The Report finds that emissions from installations increased slightly in 2017 (by 0.18%), which it states was due to a 2.4% growth in GDP, and that emissions from aviation increased by 4.5%. It finds the legislative changes agreed in recent years to reduce the surplus of allowances are starting to have an effect and that “it is widely expected that the surplus will continue to decline substantially in the coming years.” It highlights the more ambitious emissions reductions cap that has been set for aviation and it concludes that the reforms of the EU ETS agreed in 2018 are an important development that will deliver a 43 percent reduction in emissions by 2030.

In relation to the UK, the Report highlights several concerns. The Directive requires that operators of installations covered by the scheme produce an annual report on their emissions but this Report states that the UK only checked 59 per cent of these for completeness. It also states that the UK had to provide estimates for 79 installations because of “newly discovered historic errors” in the data. Members decided to write to the Minister, requesting further details on these two issues.

Update: on 27 March, the Committee considered the Minister’s response. Members did not feel that the Minister provided adequate reassurance that the Government was ensuring compliance with the EU ETS effectively, and so wrote back requesting further details.

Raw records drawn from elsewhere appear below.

(* For every feature $f \colon \mathcal{X} \to \mathbb{R}^d$ with $\mathrm{span}\{f\} = \mathcal{G}$, $H(f) = \frac12 \left( \mathbb{E}_{P_{XX'}}[k_{\mathcal{G}}(X, X')] - \mathbb{E}_{P_X P_{X'}}[k_{\mathcal{G}}(X, X')] \right)$, where the joint distribution of $X$ and $X'$ is $P_{XX'}(x, x') = \sum_{y \in \mathcal{Y}} P_Y(y) P_{X|Y=y}(x) P_{X|Y=y}(x')$.
   Context: $X, Y$ are random variables on finite alphabets $\mathcal{X}, \mathcal{Y}$ with joint distribution $P_{X,Y}$ and marginals $P_X, P_Y$. For a $d$-dimensional feature $f$, $\tilde f(x) = f(x) - \mathbb{E}[f(X)]$, $\Lambda_f = \mathbb{E}[f(X) f^T(X)]$, and the H-score is $H(f) = \frac12 \mathbb{E}\left[ \left\| \mathbb{E}[\Lambda_f^{-1/2} \tilde f(X) \mid Y] \right\|^2 \right]$. For a subspace $\mathcal{G}$ of functions $\mathcal{X}\to\mathbb{R}$ with basis $f = (f_1,\dots,f_d)^T$, the projection kernel is $k_{\mathcal{G}}(x, x') = f^T(x) \Lambda_f^{-1} f(x')$. *)

theory Defs
  imports "HOL-Analysis.Analysis"
begin

text \<open>A joint distribution on finite alphabets is a function P :: 'x \<Rightarrow> 'y \<Rightarrow> real.
  Real functions on the finite alphabet 'x are represented as vectors in real^'x.\<close>

definition is_joint_dist :: "('x::finite \<Rightarrow> 'y::finite \<Rightarrow> real) \<Rightarrow> bool" where
  "is_joint_dist P \<longleftrightarrow> (\<forall>x y. 0 \<le> P x y) \<and> (\<Sum>x\<in>UNIV. \<Sum>y\<in>UNIV. P x y) = 1"

definition PX :: "('x::finite \<Rightarrow> 'y::finite \<Rightarrow> real) \<Rightarrow> 'x \<Rightarrow> real" where
  "PX P x = (\<Sum>y\<in>UNIV. P x y)"

definition PY :: "('x::finite \<Rightarrow> 'y::finite \<Rightarrow> real) \<Rightarrow> 'y \<Rightarrow> real" where
  "PY P y = (\<Sum>x\<in>UNIV. P x y)"

text \<open>Conditional distribution P_{X|Y=y}(x) (convention: 0 if P_Y(y) = 0).\<close>
definition PXgY :: "('x::finite \<Rightarrow> 'y::finite \<Rightarrow> real) \<Rightarrow> 'y \<Rightarrow> 'x \<Rightarrow> real" where
  "PXgY P y x = P x y / PY P y"

definition meanX :: "('x::finite \<Rightarrow> 'y::finite \<Rightarrow> real) \<Rightarrow> ('x \<Rightarrow> 'v::real_vector) \<Rightarrow> 'v" where
  "meanX P g = (\<Sum>x\<in>UNIV. PX P x *\<^sub>R g x)"

definition condE :: "('x::finite \<Rightarrow> 'y::finite \<Rightarrow> real) \<Rightarrow> ('x \<Rightarrow> 'v::real_vector) \<Rightarrow> 'y \<Rightarrow> 'v" where
  "condE P g y = (\<Sum>x\<in>UNIV. PXgY P y x *\<^sub>R g x)"

definition Lam :: "('x::finite \<Rightarrow> 'y::finite \<Rightarrow> real) \<Rightarrow> ('x \<Rightarrow> real^'d::finite) \<Rightarrow> real^'d^'d" where
  "Lam P f = (\<chi> i j. \<Sum>x\<in>UNIV. PX P x * (f x $ i) * (f x $ j))"

definition pos_def_mat :: "real^'d::finite^'d \<Rightarrow> bool" where
  "pos_def_mat S \<longleftrightarrow> (\<forall>v. v \<noteq> 0 \<longrightarrow> 0 < v \<bullet> (S *v v))"

definition inv_sqrt :: "real^'d::finite^'d \<Rightarrow> real^'d^'d" where
  "inv_sqrt A = (THE S. transpose S = S \<and> pos_def_mat S \<and> S ** S = matrix_inv A)"

definition Hscore :: "('x::finite \<Rightarrow> 'y::finite \<Rightarrow> real) \<Rightarrow> ('x \<Rightarrow> real^'d::finite) \<Rightarrow> real" where
  "Hscore P f = 1/2 * (\<Sum>y\<in>UNIV. PY P y *
      (norm (condE P (\<lambda>x. inv_sqrt (Lam P f) *v (f x - meanX P f)) y))\<^sup>2)"

definition comp_fun :: "('x::finite \<Rightarrow> real^'d::finite) \<Rightarrow> 'd \<Rightarrow> real^'x" where
  "comp_fun f i = (\<chi> x. f x $ i)"

definition feature_span :: "('x::finite \<Rightarrow> real^'d::finite) \<Rightarrow> (real^'x) set" where
  "feature_span f = span (range (comp_fun f))"

text \<open>Projection kernel of G computed from a basis b of G: k(x,x') = b(x)^T \<Lambda>_b^{-1} b(x').\<close>
definition proj_kernel :: "('x::finite \<Rightarrow> 'y::finite \<Rightarrow> real) \<Rightarrow> ('x \<Rightarrow> real^'e::finite) \<Rightarrow> 'x \<Rightarrow> 'x \<Rightarrow> real" where
  "proj_kernel P b x x' = b x \<bullet> (matrix_inv (Lam P b) *v b x')"

definition PXX :: "('x::finite \<Rightarrow> 'y::finite \<Rightarrow> real) \<Rightarrow> 'x \<Rightarrow> 'x \<Rightarrow> real" where
  "PXX P x x' = (\<Sum>y\<in>UNIV. PY P y * PXgY P y x * PXgY P y x')"

end

theory Submission
  imports Defs
begin

text \<open>Write \<open>M\<close> for the inverse of \<open>\<Lambda>\<^sub>f\<close>, \<open>m = E f(X)\<close> and \<open>g(y) = E[f(X) | Y = y]\<close>. The symmetric
  square root \<open>S\<close> of \<open>M\<close> turns \<open>\<parallel>S u\<parallel>\<^sup>2\<close> into \<open>u \<bullet> M u\<close>, so \<open>2 H(f)\<close> is the \<open>M\<close>-variance of \<open>g(Y)\<close>,
  whose mean is \<open>m\<close>: it equals \<open>E[g(Y) \<bullet> M g(Y)] - m \<bullet> M m\<close>. Expanding both expectations yields
  the expectations of \<open>f(x) \<bullet> M f(x')\<close> under \<open>P\<^sub>X\<^sub>X\<^sub>'\<close> and under \<open>P\<^sub>X P\<^sub>X\<^sub>'\<close>. This kernel reproduces \<open>G\<close>,
  i.e. \<open>E[k(x, X') h(X')] = h(x)\<close> for \<open>h \<in> G\<close>, and therefore agrees with the kernel built from any other
  basis of \<open>G\<close>.

  That \<open>S\<close> is well defined needs existence and uniqueness of positive definite square roots. Both
  follow from the spectral theorem for symmetric matrices, proved here by maximising the quadratic
  form on the unit sphere of an invariant subspace.\<close>

lemma symmetric_matrix_inner_commute:
  fixes A :: "real^'n^'n"
  assumes "transpose A = A"
  shows "(A *v x) \<bullet> y = x \<bullet> (A *v y)"
  by (metis assms dot_lmul_matrix vector_transpose_matrix)

lemma norm_symmetric_matrix_mult_square:
  fixes S :: "real^'n^'n"
  assumes "transpose S = S"
  shows "(norm (S *v u))\<^sup>2 = u \<bullet> ((S ** S) *v u)"
  by (simp add: power2_norm_eq_inner symmetric_matrix_inner_commute[OF assms] matrix_vector_mul_assoc)

lemma matrix_eq_on_expansion:
  fixes S T :: "real^'n^'m"
  assumes expand: "\<And>x. x = (\<Sum>v\<in>B. (v \<bullet> x) *\<^sub>R v)" and eq: "\<And>v. v \<in> B \<Longrightarrow> S *v v = T *v v"
  shows "S = T"
  unfolding matrix_eq
proof
  fix x
  have "S *v x = (\<Sum>v\<in>B. (v \<bullet> x) *\<^sub>R (S *v v))"
    by (subst expand) (simp add: vec.sum matrix_vector_mult_scaleR)
  also have "\<dots> = (\<Sum>v\<in>B. (v \<bullet> x) *\<^sub>R (T *v v))"
    using eq by simp
  also have "\<dots> = T *v x"
    by (subst (2) expand) (simp add: vec.sum matrix_vector_mult_scaleR)
  finally show "S *v x = T *v x" .
qed

lemma quadratic_nonneg_imp_linear_coeff_zero:
  fixes a b :: real
  assumes nonneg: "\<And>t. 0 \<le> 2 * t * a + t\<^sup>2 * b" and "0 \<le> b"
  shows "a = 0"
proof -
  let ?t = "- a / (b + 1)"
  have "2 * ?t * a + ?t\<^sup>2 * b = - a\<^sup>2 * (b + 2) / (b + 1)\<^sup>2"
    using \<open>0 \<le> b\<close> by (simp add: field_simps power2_eq_square add_nonneg_eq_0_iff)
  then have "0 \<le> - a\<^sup>2 * (b + 2) / (b + 1)\<^sup>2" using nonneg by metis
  then have "a\<^sup>2 * (b + 2) \<le> 0" using \<open>0 \<le> b\<close> by (simp add: divide_le_0_iff)
  then show ?thesis using \<open>0 \<le> b\<close>
    by (smt (verit) mult_pos_pos zero_less_power2)
qed

lemma symmetric_eigenvector_in_invariant_subspace:
  fixes A :: "real^'n^'n"
  assumes sym: "transpose A = A" and S: "subspace S" and invariant: "\<forall>x\<in>S. A *v x \<in> S"
    and nontrivial: "S \<noteq> {0}"
  shows "\<exists>v\<in>S. norm v = 1 \<and> A *v v = (v \<bullet> (A *v v)) *\<^sub>R v"
proof -
  let ?K = "S \<inter> sphere 0 1"
  have "compact ?K"
    by (simp add: S closed_Int_compact closed_subspace)
  obtain x where x: "x \<in> S" "x \<noteq> 0" using nontrivial S subspace_0 by blast
  then have "x /\<^sub>R norm x \<in> ?K" using S by (simp add: subspace_scale)
  then obtain v where v: "v \<in> ?K" and v_max: "\<forall>y\<in>?K. y \<bullet> (A *v y) \<le> v \<bullet> (A *v v)"
    using continuous_attains_sup[OF \<open>compact ?K\<close>, of "\<lambda>y. y \<bullet> (A *v y)"]
    by (fastforce intro: continuous_intros)
  define l where "l = v \<bullet> (A *v v)"
  define B where "B y = l *\<^sub>R y - A *v y" for y
  have B_nonneg: "0 \<le> y \<bullet> B y" if "y \<in> S" for y
  proof (cases "y = 0")
    case False
    then have "y /\<^sub>R norm y \<in> ?K" using that S by (simp add: subspace_scale)
    then have "(y /\<^sub>R norm y) \<bullet> (A *v (y /\<^sub>R norm y)) \<le> l" using v_max l_def by blast
    then have "y \<bullet> (A *v y) \<le> l * (norm y)\<^sup>2" using False
      by (simp add: matrix_vector_mult_scaleR field_simps power2_eq_square)
    then show ?thesis unfolding B_def by (simp add: inner_diff_right power2_norm_eq_inner)
  qed simp
  have B_v: "v \<bullet> B v = 0"
    using v unfolding B_def l_def by (simp add: inner_diff_right power2_norm_eq_inner[symmetric])
  have B_add: "B (y + t *\<^sub>R w) = B y + t *\<^sub>R B w" for y w t
    unfolding B_def by (simp add: matrix_vector_right_distrib matrix_vector_mult_scaleR algebra_simps)
  have B_sym: "y \<bullet> B w = w \<bullet> B y" for y w
    unfolding B_def using symmetric_matrix_inner_commute[OF sym, of w y]
    by (simp add: inner_diff_right inner_commute)
  \<comment> \<open>\<open>B\<close> is positive semidefinite on \<open>S\<close> and vanishes at \<open>v\<close>, so \<open>B v\<close> is orthogonal to \<open>S\<close>.\<close>
  have B_v_orthogonal: "w \<bullet> B v = 0" if w: "w \<in> S" for w
  proof (rule quadratic_nonneg_imp_linear_coeff_zero)
    show "0 \<le> w \<bullet> B w" using B_nonneg w by blast
    fix t
    have "v + t *\<^sub>R w \<in> S" using v w S by (simp add: subspace_add subspace_scale)
    then have "0 \<le> (v + t *\<^sub>R w) \<bullet> B (v + t *\<^sub>R w)" by (rule B_nonneg)
    also have "\<dots> = 2 * t * (w \<bullet> B v) + t\<^sup>2 * (w \<bullet> B w)"
      unfolding B_add using B_v B_sym[of v w]
      by (simp add: inner_add_left inner_add_right algebra_simps power2_eq_square)
    finally show "0 \<le> 2 * t * (w \<bullet> B v) + t\<^sup>2 * (w \<bullet> B w)" .
  qed
  have "B v \<in> S" unfolding B_def using v invariant S by (simp add: subspace_diff subspace_scale)
  then have "B v = 0" using B_v_orthogonal inner_eq_zero_iff by blast
  then show ?thesis using v l_def unfolding B_def by auto
qed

Update: on 15 May, the Committee reviewed the Minister’s latest response. They noted her explanation of the steps that are taken to seek to ensure accurate reporting and that, in most cases, the scale of the reporting error was small. They also noted, however, that there appears to have been an increase in the number of errors over the past few years and so Members wrote back to ask whether any action was being taken to address this. 

Update: on 12 June, having received a response from the Minister to all their outstanding queries, the Committee decided to release the Report from scrutiny.